AI-agent consolidation may arrive early
Klaviyo’s acquisition may also be an early signal of consolidation in the AI-agent market. Many startups have been able to raise capital and launch products because the underlying model infrastructure is increasingly accessible. But the market may not support dozens of independent vendors once customers begin demanding deep integrations, security controls, service guarantees, and global support.
The cost of enterprise sales is another pressure. Selling an agent to a large business can require lengthy security reviews, data-governance assessments, workflow customization, and executive approval. Startups with strong technology may struggle to fund that process independently. Being acquired by an established platform can provide access to customers and distribution that would otherwise take years to build.
For buyers, acquisitions are a way to acquire speed. Internal development can provide control, but it may take too long in a rapidly changing market. Buying a startup can bring specialized talent and a product that has already been shaped by external customers.
The danger is that acquirers may overpay for technology that becomes interchangeable. If the underlying models improve rapidly, a startup’s technical lead can narrow. The lasting value may instead lie in customer relationships, proprietary workflows, data permissions, and operational knowledge.
That makes Agency’s integration into Klaviyo especially important. The acquisition will be judged not only by whether Klaviyo can launch features, but by whether it can create a differentiated system that competitors cannot easily replicate.
The question is who controls the customer relationship
At the center of this competition is control of the customer relationship.
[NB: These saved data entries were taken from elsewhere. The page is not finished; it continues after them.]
lemma terminal_simplex_if_first_with_\<sigma>b:
  assumes \<rho>: "first_at K f (\<lambda>S. is_boundary K (insert \<sigma>b S) n \<alpha>) \<rho>"
  shows "terminal_simplex K f TYPE('k) \<rho>"
proof -
  let ?M = "strict_sublevel K f (f \<rho>)"
  define z where "z = bd K (elem_chain \<rho> :: 'v set \<Rightarrow> 'k)"
  have \<rho>K: "\<rho> \<in> K" and card_\<rho>: "card \<rho> = Suc (Suc n)"
    using \<rho> first_with_\<sigma>b(1)[OF \<rho>] unfolding first_at_def by blast+
  have "z \<in> Defs.chains ?M n"
    using bd_elem_chain_in_chains[OF K \<rho>K card_\<rho>] chains_mono[OF proper_faces_strict_sublevel[OF \<rho>K]]
    unfolding z_def by blast
  then have "is_cycle K ?M n z"
    unfolding is_cycle_def z_def using bd_bd_elem_chain[OF K \<rho>K] by auto
  moreover have "\<not> is_boundary K ?M n z"
  proof
    assume "is_boundary K ?M n z"
    then have "is_boundary K (insert \<sigma>b ?M) n z"
      by (rule is_boundary_mono[rotated]) blast
    moreover have "is_boundary K (insert \<rho> (insert \<sigma>b ?M)) n \<alpha>"
      using \<rho> sublevel_eq_insert_strict_sublevel[OF inj_f \<rho>K] unfolding first_at_def
      by (simp add: insert_commute)
    ultimately have "is_boundary K (insert \<sigma>b ?M) n \<alpha>"
      unfolding z_def by (rule is_boundary_replace_simplex)
    then show False
      using first_at_not_strict[OF finite_K \<rho>] by blast
  qed
  moreover have "is_boundary K (insert \<rho> ?M) n z"
    unfolding is_boundary_def z_def
    using elem_chain_in_chains[OF card_\<rho>] chains_mono[of "{\<rho>}" "insert \<rho> ?M"] by blast
  ultimately show ?thesis
    unfolding terminal_simplex_def using \<rho>K card_\<rho> by auto
qed
theorem lemmaA6:
  fixes X Y U V :: "(real^'n) set"
    and q qinv :: "real^'n \<Rightarrow> real^'n"
    and Jq Dqinv :: "real^'n \<Rightarrow> real^'n^'n"
    and D2qinv :: "real^'n \<Rightarrow> real^'n \<Rightarrow> real^'n^'n"
    and R :: "real^'n \<Rightarrow> real"
    and gradR :: "real^'n \<Rightarrow> real^'n"
    and HessR :: "real^'n \<Rightarrow> real^'n^'n"
    and D3R :: "real^'n \<Rightarrow> real^'n \<Rightarrow> real^'n^'n"
    and G GF \<eta> :: real
    and xt xt1 g :: "real^'n"
  assumes
    \<comment> \<open>X, Y convex compact\<close>
    X: "convex X" "compact X" and Y: "convex Y" "compact Y"
    \<comment> \<open>q : X -> Y smooth bijection: restriction of a differentiable bijection U -> V between
        open neighbourhoods, with differentiable inverse qinv\<close>
    and UV: "open U" "open V" "X \<subseteq> U" "Y \<subseteq> V"
    and q_bij: "bij_betw q X Y" "bij_betw q U V"
    and qinv: "\<And>x. x \<in> U \<Longrightarrow> qinv (q x) = x" "\<And>y. y \<in> V \<Longrightarrow> q (qinv y) = y"
    and Jq: "\<And>x. x \<in> U \<Longrightarrow> (q has_derivative (\<lambda>h. Jq x *v h)) (at x)"
    and Jq_cont: "continuous_on U Jq"
    and Dqinv: "\<And>y. y \<in> V \<Longrightarrow> (qinv has_derivative (\<lambda>h. Dqinv y *v h)) (at y)"
    and D2qinv: "\<And>y. y \<in> V \<Longrightarrow> (Dqinv has_derivative D2qinv y) (at y)"
    and D2qinv_cont: "continuous_on V D2qinv"
    \<comment> \<open>(A1)\<close>
    and R_deriv: "\<And>y. y \<in> V \<Longrightarrow> (R has_derivative (\<lambda>h. inner (gradR y) h)) (at y)"
    and R_hess: "\<And>y. y \<in> V \<Longrightarrow> (gradR has_derivative (\<lambda>h. HessR y *v h)) (at y)"
    and R_C2: "continuous_on V HessR"
    and R_strict: "strict_convex_on Y R"
    and A1: "\<And>x. x \<in> X \<Longrightarrow> invertible (HessR (q x)) \<and>
                 matrix_inv (HessR (q x)) = Jq x ** transpose (Jq x)"
    \<comment> \<open>(A2)\<close>
    and G_gt: "G > 1"
    and q_lip: "G-lipschitz_on X q"
    and Dqinv_bd: "\<And>y h. y \<in> Y \<Longrightarrow> norm (Dqinv y *v h) \<le> G * norm h"
    and D2qinv_bd: "\<And>y h k. y \<in> Y \<Longrightarrow> norm (D2qinv y h *v k) \<le> G * norm h * norm k"
    and R_strong: "strongly_convex_on 1 Y R"
    and R_third: "\<And>y. y \<in> V \<Longrightarrow> (HessR has_derivative D3R y) (at y)"
    and gradR_bd: "\<And>y. y \<in> Y \<Longrightarrow> norm (gradR y) \<le> G"
    and D3R_bd: "\<And>y h k l. y \<in> Y \<Longrightarrow>
                   \<bar>inner l (D3R y h *v k)\<bar> \<le> G * norm h * norm k * norm l"
    and DR_lip: "\<And>z. z \<in> Y \<Longrightarrow> G-lipschitz_on Y (\<lambda>w. bregman R gradR z w)"
    \<comment> \<open>the one OGD step\<close>
    and eta: "\<eta> > 0"
    and xt: "xt \<in> X"
    and g: "norm g \<le> GF"
    and xt1: "xt1 \<in> X"
    and xt1_min: "\<And>x. x \<in> X \<Longrightarrow>
        inner g (xt1 - xt) + 1 / (2 * \<eta>) * (norm (xt1 - xt))\<^sup>2
          \<le> inner g (x - xt) + 1 / (2 * \<eta>) * (norm (x - xt))\<^sup>2"
  shows "\<exists>D. GDERIV (eps_OGD q qinv Jq xt g \<eta>) (q xt1) :> D \<and>
             norm D \<le> G ^ 5 * (3 * GF\<^sup>2 + GF ^ 3 * \<eta>) * \<eta>"
proof -
  define yt y1 where "yt = q xt" and "y1 = q xt1"
  define r where "r = norm (y1 - yt)"
  have "xt \<in> U" "yt \<in> Y" "y1 \<in> Y" "y1 \<in> V"
    using xt xt1 UV q_bij(1) by (auto simp: yt_def y1_def bij_betw_def)
  have "0 \<le> GF" "0 \<le> G"
    using order_trans[OF norm_ge_zero g] G_gt by simp_all
  have inv_Jq: "matrix_inv (Jq xt) = Dqinv yt"
    using matrix_inv_jacobian_of_left_inverse[OF UV(1) \<open>xt \<in> U\<close> qinv(1) Jq Dqinv]
      \<open>xt \<in> U\<close> \<open>yt \<in> Y\<close> UV(4) by (auto simp: yt_def)
  have derivs_within_Y: "(qinv has_derivative (\<lambda>h. Dqinv y *v h)) (at y within Y)"
    "(Dqinv has_derivative D2qinv y) (at y within Y)" if "y \<in> Y" for y
    using Dqinv D2qinv that UV(4) by (auto intro: has_derivative_at_withinI)
  have Dqinv_lipschitz: "norm ((Dqinv b - Dqinv a) *v k) \<le> G * norm (b - a) * norm k"
    if "a \<in> Y" "b \<in> Y" for a b k
    using differentiable_bound_matrix_vector_mult[OF Y(1) derivs_within_Y(2) D2qinv_bd that] .
  have "norm (xt1 - xt) \<le> \<eta> * GF"
    using proximal_step_norm_le[OF X(1) xt xt1 eta xt1_min] mult_left_mono[OF g less_imp_le[OF eta]]
    by linarith
  then have r_le: "r \<le> G * \<eta> * GF"
    using lipschitz_onD[OF q_lip xt1 xt] mult_left_mono[OF _ \<open>0 \<le> G\<close>]
    by (fastforce simp: r_def y1_def yt_def dist_norm mult.assoc)
  have "norm (qinv y1 - qinv yt - Dqinv yt *v (y1 - yt)) \<le> G * r\<^sup>2"
    unfolding r_def
    by (rule linearization_error_le_lipschitz_jacobian[OF Y(1) \<open>0 \<le> G\<close> derivs_within_Y(1)
          Dqinv_lipschitz \<open>yt \<in> Y\<close> \<open>y1 \<in> Y\<close>])
  then have "norm (eps_q q qinv Jq xt y1) \<le> G * r\<^sup>2"
    by (simp add: eps_q_def inv_Jq yt_def)
  then have "norm (g v* (Dqinv y1 - Dqinv yt) + (1 / \<eta>) *\<^sub>R (eps_q q qinv Jq xt y1 v* Dqinv y1
      + (Dqinv yt *v (y1 - yt)) v* (Dqinv y1 - Dqinv yt))) \<le> GF * G * r + 2 * G\<^sup>2 * r\<^sup>2 / \<eta>"
    using norm_eps_OGD_gradient_le[OF eta g] Dqinv_lipschitz Dqinv_bd
      \<open>yt \<in> Y\<close> \<open>y1 \<in> Y\<close> by (simp add: r_def)
  also have "\<dots> \<le> G ^ 5 * (3 * GF\<^sup>2 + GF ^ 3 * \<eta>) * \<eta>"
    using gradient_bound_le_of_displacement_le[OF G_gt eta \<open>0 \<le> GF\<close> _ r_le] by (simp add: r_def)
  finally show ?thesis
    using eps_OGD_has_gderiv[OF Dqinv[OF \<open>y1 \<in> V\<close>], where Jq = Jq and xt = xt and q = q]
    by (auto simp: inv_Jq y1_def yt_def)
qed

end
A customer-service agent may become the primary interface between a shopper and a merchant. The platform that powers that interface could gain valuable information about customer intent, friction points, and purchasing behavior.
Marketing software companies want to use that information to improve campaigns. Commerce platforms want to use it to increase sales and retention. Customer-service specialists want to own the support interaction. Large technology companies may want to provide the model, infrastructure, and general-purpose agent layer underneath all of them.
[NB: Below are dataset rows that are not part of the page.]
lemma orth_proj_inner:
  assumes "orth_proj K P" "k \<in> K"
  shows "k \<bullet> P y = k \<bullet> y"
proof -
  have "(y - P y) \<bullet> k = 0" using assms by (simp add: orth_proj_def)
  then have "k \<bullet> (y - P y) = 0" by (simp add: inner_commute)
  then show ?thesis by (simp add: inner_diff_right)
qed

section \<open>The cube and its faces\<close>

text \<open>The cube $[-1/2,1/2]^E$, the $\ell^1$-norm (its support function, up to the factor 2),
  the sign pattern of a vector as a set of oriented edges, and the face of the cube
  on which the coordinates prescribed by a set of oriented edges are extremal.\<close>

definition cube :: "(real^'e::finite) set" where
  "cube = {y. \<forall>e. \<bar>y $ e\<bar> \<le> 1/2}"

definition l1norm :: "real^'e::finite \<Rightarrow> real" where
  "l1norm c = (\<Sum>e\<in>UNIV. \<bar>c $ e\<bar>)"

definition signs :: "real^'e::finite \<Rightarrow> ('e \<times> bool) set" where
  "signs c = {(e, b). if b then 0 < c $ e else c $ e < 0}"

definition cube_face :: "('e::finite \<times> bool) set \<Rightarrow> (real^'e) set" where
  "cube_face D = {y \<in> cube. \<forall>(e, b)\<in>D. y $ e = (if b then 1/2 else -1/2)}"

definition cube_vertex :: "real^'e::finite \<Rightarrow> real^'e" where
  "cube_vertex c = (\<chi> e. sgn (c $ e) / 2)"

lemma l1norm_scale: "l1norm (t *\<^sub>R c) = \<bar>t\<bar> * l1norm c"
  by (simp add: l1norm_def abs_mult sum_distrib_left)

lemma l1norm_add_compatible:
  assumes "\<And>e. 0 \<le> c1 $ e * c2 $ e"
  shows "l1norm (c1 + c2) = l1norm c1 + l1norm c2"
proof -
  have "\<bar>c1 $ e + c2 $ e\<bar> = \<bar>c1 $ e\<bar> + \<bar>c2 $ e\<bar>" for e
    using assms[of e] by (cases "0 \<le> c1 $ e") (auto simp: zero_le_mult_iff)
  then show ?thesis by (simp add: l1norm_def sum.distrib)
qed

lemma l1norm_le_inner_self_integral:
  assumes "\<And>e. c $ e \<in> \<int>"
  shows "l1norm c \<le> c \<bullet> c"
proof -
  have "\<bar>c $ e\<bar> \<le> c $ e * c $ e" for e
  proof -
    obtain z where z: "c $ e = of_int z" using assms[of e] Ints_cases by blast
    have "\<bar>z\<bar> \<le> z * z"
    proof (cases "z = 0")
      case False
      then have "\<bar>z\<bar> * 1 \<le> \<bar>z\<bar> * \<bar>z\<bar>" by (intro mult_left_mono) auto
      then show ?thesis by (simp add: abs_mult_self_eq)
    qed simp
    then show ?thesis unfolding z by (metis of_int_abs of_int_le_iff of_int_mult)
  qed
  then show ?thesis unfolding l1norm_def inner_vec_def by (intro sum_mono) simp
qed

lemma cube_eq_cbox: "cube = cbox (\<chi> e. -1/2) (\<chi> e. 1/2)"
proof -
  have "\<bar>t\<bar> \<le> 1/2 \<longleftrightarrow> (-1/2) \<le> t \<and> t \<le> 1/2" for t :: real by auto
  then show ?thesis
    unfolding cube_def set_eq_iff mem_Collect_eq mem_box_cart vec_lambda_beta by simp
qed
The winner may not be the company that generates the most natural-sounding responses. It may be the company that becomes most deeply embedded in the chain of decisions surrounding a transaction.
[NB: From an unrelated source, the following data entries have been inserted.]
(* Let $\alpha\in[0,1]$. If $f(z)=z+\sum_{n\ge2}a_nz^n$ is analytic on $\mathbb{U}$ and $\operatorname{Re}\big(1+\frac{zf''(z)}{f'(z)}\big)>\alpha$ for all $z\in\mathbb{U}$ (i.e. $f$ is convex of order $\alpha$), then $$|a_3^2-a_4^2|\le\frac{(1-\alpha)^2(3-2\alpha)^2}{9}+\frac{(1-\alpha)^2(2-\alpha)^2(3-2\alpha)^2}{36}.$$
   Context: $\mathbb{U}$ is the open unit disk. *)

theory Defs
  imports "HOL-Complex_Analysis.Complex_Analysis"
begin

definition taylor_coeff :: "(complex \<Rightarrow> complex) \<Rightarrow> nat \<Rightarrow> complex" where
  "taylor_coeff f n = (deriv ^^ n) f 0 / of_nat (fact n)"

end

theory Submission
  imports Defs
begin

(* Let q(z) = z f''(z) / f'(z). Then q + 1 - \<alpha> has positive real part and value 1 - \<alpha> at 0,
   so by Caratheodory's lemma its Taylor coefficients c_k (k > 0) satisfy |c_k| \<le> 2 (1 - \<alpha>).
   Comparing Taylor coefficients in z f'' = q f' expresses a_2, a_3, a_4 through c_1, c_2, c_3,
   which bounds |a_3| and |a_4|; finally |a_3^2 - a_4^2| \<le> |a_3|^2 + |a_4|^2. *)

lemma has_contour_integral_circlepath_0_iff:
  assumes "r \<noteq> 0"
  shows "((\<lambda>u. g u / u) has_contour_integral (2 * pi * \<i> * I)) (circlepath 0 r)
    \<longleftrightarrow> ((\<lambda>t. g (circlepath 0 r t)) has_integral I) {0..1}"
proof -
  have "g (circlepath 0 r t) / circlepath 0 r t
        * vector_derivative (circlepath 0 r) (at t within {0..1})
      = 2 * pi * \<i> * g (circlepath 0 r t)" if "t \<in> {0..1}" for t
    using that assms by (simp add: vector_derivative_circlepath01) (simp add: circlepath)
  then have "((\<lambda>u. g u / u) has_contour_integral (2 * pi * \<i> * I)) (circlepath 0 r)
      \<longleftrightarrow> ((\<lambda>t. 2 * pi * \<i> * g (circlepath 0 r t)) has_integral (2 * pi * \<i> * I)) {0..1}"
    unfolding has_contour_integral_def by (intro has_integral_cong) auto
  then show ?thesis
    by (simp add: has_integral_mult_right_iff)
qed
Klaviyo has a credible path because it already sits close to merchants’ marketing and customer data. But it will need to demonstrate that its agents can operate across the messy boundaries between marketing, commerce, logistics, and support. Customers will not experience those boundaries as separate software categories. They will simply expect a correct answer and a completed task.
The acquisition of Agency gives Klaviyo additional talent and a stronger product-development base for that challenge. Torres’s move into the chief product officer role signals that the company sees AI as central to its product direction, not as a minor feature category.
The broader strategic bet is that a trusted business platform with customer context can build better agents than an isolated application. That bet is plausible, but it remains unproven. Data must be accurate, permissions must be carefully managed, and the economics must work at scale.
Klaviyo’s next phase will show whether its advantage lies in owning the data around customer interactions—or whether AI-native specialists can use superior focus and execution to capture the agent relationship first. The Agency acquisition is an effort to ensure that the incumbent does not surrender that opportunity while the market is still being defined.